これは、働くLGBT当事者にインタビューし、仕事やキャリアの話以外にも、“セクシュアリティを初めて認識したとき”や“カミングアウトしたとき”などのパーソナルな話を幼少期からさかのぼって話してもらい、その人の人生や今後のキャリアパスに迫っていくというものです。

読んだ感想としては、登場する人たちがみな、プライベートな部分を含めた実体験を隠さずオープンに話してくれているため、1つ1つの言葉が非常に濃く、重みがあると感じました。
“いじめられるのではないかとの恐れから、なかなかカミングアウトができず、大人になるまでずっと隠していたケース”や、“幼少期から周りに理解のある人が多く、中学生の頃からセクシュアリティをオープンにしていたケース”など、自身のセクシュアリティとの付き合い方がは人それぞれ大きく異なります。

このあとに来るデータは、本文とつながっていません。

(* Let $\mathcal S$ be a finite fundamental system and $G$ the elementary group generated by the elements of $\mathcal S$. Then $G$ is solvable, and its derived length is at most the cardinality of $\mathcal S$.
   Context: A homeomorphism $f$ of $[0,1]$ is simple if $[0,1]\setminus\mathrm{Fix}(f)$ has exactly one connected component; its closure is the support $S_f$ of $f$. It is positive if $f(x)\ge x$ for all $x$. A fundamental domain of a simple $f$ is a segment $[x,f(x)]$ with $x$ in the interior of $S_f$. A fundamental system is a family $\mathcal S$ of triples $(f,S_f,I_f)$ such that each $f$ is a simple positive homeomorphism of $[0,1]$, $S_f$ is its support and $I_f\subset S_f$ is a fundamental domain of $f$, and for any two distinct triples in $\mathcal S$: either $S_f$ and $S_g$ have disjoint interiors, or $S_f\subset I_g$, or $S_g\subset I_f$. An elementary group is a group generated by the elements $f$ of a fundamental system. The derived length of a solvable group $G$ is the least $k$ with $G_k=\{1\}$, where $G_1=[G,G]$ and $G_{j+1}=[G_j,G_j]$. *)

theory Defs
  imports "HOL-Analysis.Analysis" "HOL-Algebra.Solvable_Groups" "HOL-Algebra.Bij"
begin

definition homeo01 :: "(real \<Rightarrow> real) \<Rightarrow> bool" where
  "homeo01 f \<longleftrightarrow> (\<exists>g. homeomorphism {0..1} {0..1} f g)"

definition Fix01 :: "(real \<Rightarrow> real) \<Rightarrow> real set" where
  "Fix01 f = {x \<in> {0..1}. f x = x}"

definition simple_homeo :: "(real \<Rightarrow> real) \<Rightarrow> bool" where
  "simple_homeo f \<longleftrightarrow> homeo01 f \<and> card (components ({0..1} - Fix01 f)) = 1"

definition supp01 :: "(real \<Rightarrow> real) \<Rightarrow> real set" where
  "supp01 f = closure ({0..1} - Fix01 f)"

definition positive_homeo :: "(real \<Rightarrow> real) \<Rightarrow> bool" where
  "positive_homeo f \<longleftrightarrow> (\<forall>x\<in>{0..1}. x \<le> f x)"

definition fundamental_domain :: "(real \<Rightarrow> real) \<Rightarrow> real set \<Rightarrow> bool" where
  "fundamental_domain f I \<longleftrightarrow> (\<exists>x \<in> interior (supp01 f). I = {x .. f x})"

text \<open>A fundamental system: a set of pairs (f, I_f); the support S_f is determined by f.\<close>

definition fundamental_system :: "((real \<Rightarrow> real) \<times> real set) set \<Rightarrow> bool" where
  "fundamental_system \<S> \<longleftrightarrow>
     (\<forall>(f, I) \<in> \<S>. simple_homeo f \<and> positive_homeo f \<and> fundamental_domain f I) \<and>
     (\<forall>(f, I) \<in> \<S>. \<forall>(g, J) \<in> \<S>. (f, I) \<noteq> (g, J) \<longrightarrow>
        interior (supp01 f) \<inter> interior (supp01 g) = {} \<or> supp01 f \<subseteq> J \<or> supp01 g \<subseteq> I)"

definition elementary_group :: "((real \<Rightarrow> real) \<times> real set) set \<Rightarrow> (real \<Rightarrow> real) monoid" where
  "elementary_group \<S> =
     (BijGroup {0..1}) \<lparr> carrier := generate (BijGroup {0..1}) ((\<lambda>(f, I). restrict f {0..1}) ` \<S>) \<rparr>"

end

theory Submission
  imports Defs
begin

text \<open>
  Choose an element \<open>g\<close> of the system whose support is maximal, so that it lies in no other
  fundamental domain. Every other element either has its support inside the fundamental domain
  \<open>I\<^sub>g\<close>, or its support has interior disjoint from that of \<open>g\<close>. Let \<open>B\<close> be generated by the
  former and \<open>A\<close> by the latter. Then \<open>A\<close> commutes with \<open>g\<close>, and the conjugates
  \<open>g\<^sup>n B g\<^sup>-\<^sup>n\<close> are supported in the translates of the interior of \<open>I\<^sub>g\<close> under \<open>g\<^sup>n\<close>, which are pairwise
  disjoint because \<open>g\<close> moves points upwards; so \<open>A\<close> and all these conjugates commute pairwise.
  The derived subgroup of \<open>\<langle>g, A, B\<rangle>\<close> lies in the subgroup generated by \<open>A\<close> and the conjugates,
  and the \<open>k\<close>-th derived subgroup of a group generated by pairwise commuting subgroups is generated
  by their \<open>k\<close>-th derived subgroups. Since \<open>A\<close> and \<open>B\<close> come from a smaller fundamental system,
  induction on its size bounds the derived length by the cardinality of the system.
\<close>

section \<open>Derived series of groups generated by commuting subgroups\<close>

definition conjugation :: "('a, 'b) monoid_scheme \<Rightarrow> 'a \<Rightarrow> 'a \<Rightarrow> 'a" where
  "conjugation G g x = g \<otimes>\<^bsub>G\<^esub> x \<otimes>\<^bsub>G\<^esub> inv\<^bsub>G\<^esub> g"

definition conjugates_family ::
    "('a, 'b) monoid_scheme \<Rightarrow> 'a \<Rightarrow> 'a set \<Rightarrow> 'a set \<Rightarrow> int option \<Rightarrow> 'a set" where
  "conjugates_family G g A B i =
     (case i of None \<Rightarrow> A | Some n \<Rightarrow> conjugation G (g [^]\<^bsub>G\<^esub> n) ` B)"

context group begin

lemma inv_mult_cancel [simp]: "x \<in> carrier G \<Longrightarrow> y \<in> carrier G \<Longrightarrow> inv x \<otimes> (x \<otimes> y) = y"
  by (simp flip: m_assoc)

lemma mult_inv_cancel [simp]: "x \<in> carrier G \<Longrightarrow> y \<in> carrier G \<Longrightarrow> x \<otimes> (inv x \<otimes> y) = y"
  by (simp flip: m_assoc)

lemma conjugation_closed [intro, simp]:
  "g \<in> carrier G \<Longrightarrow> x \<in> carrier G \<Longrightarrow> conjugation G g x \<in> carrier G"
  unfolding conjugation_def by simp

lemma group_hom_conjugation: "g \<in> carrier G \<Longrightarrow> group_hom G G (conjugation G g)"
  unfolding group_hom_def group_hom_axioms_def
  by (auto intro!: homI simp: is_group conjugation_def m_assoc inv_solve_left)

就職活動のときのエピソードも、“心無い言葉を投げつけられた人”や、“会社によって、カミングアウトするかどうか使い分けた人”、“すべての企業に対してカミングアウトをして臨んだところ、とくに差別はされず多くの面接官から関心を持って話を聞いてもらえた人”など、まさにバラバラ。
等身大の人生を語ってくれているからこそ、1人ひとりが誰かの“ロールモデル”として勇気づけることができるのだろうと思いました。

●イベント

LGBT就活では、就活に役立つ一風変わったイベントが盛りだくさん。
例えば、「LGBT就活生/社会人応援!自分らしいスーツを探そう!」というイベント。
「自分の体とは違う性別のスーツがほしいけど、1人で買いに行くのは不安」という人たちのために、完全個別対応でスーツの採寸やフィッティングをします。
主催は、認定NPO法人ReBitのほかに、なんと株式会社丸井グループが連なります!
マルイの服飾売り場の専門スタッフに対応してもらえるので、安心して任せられることでしょう。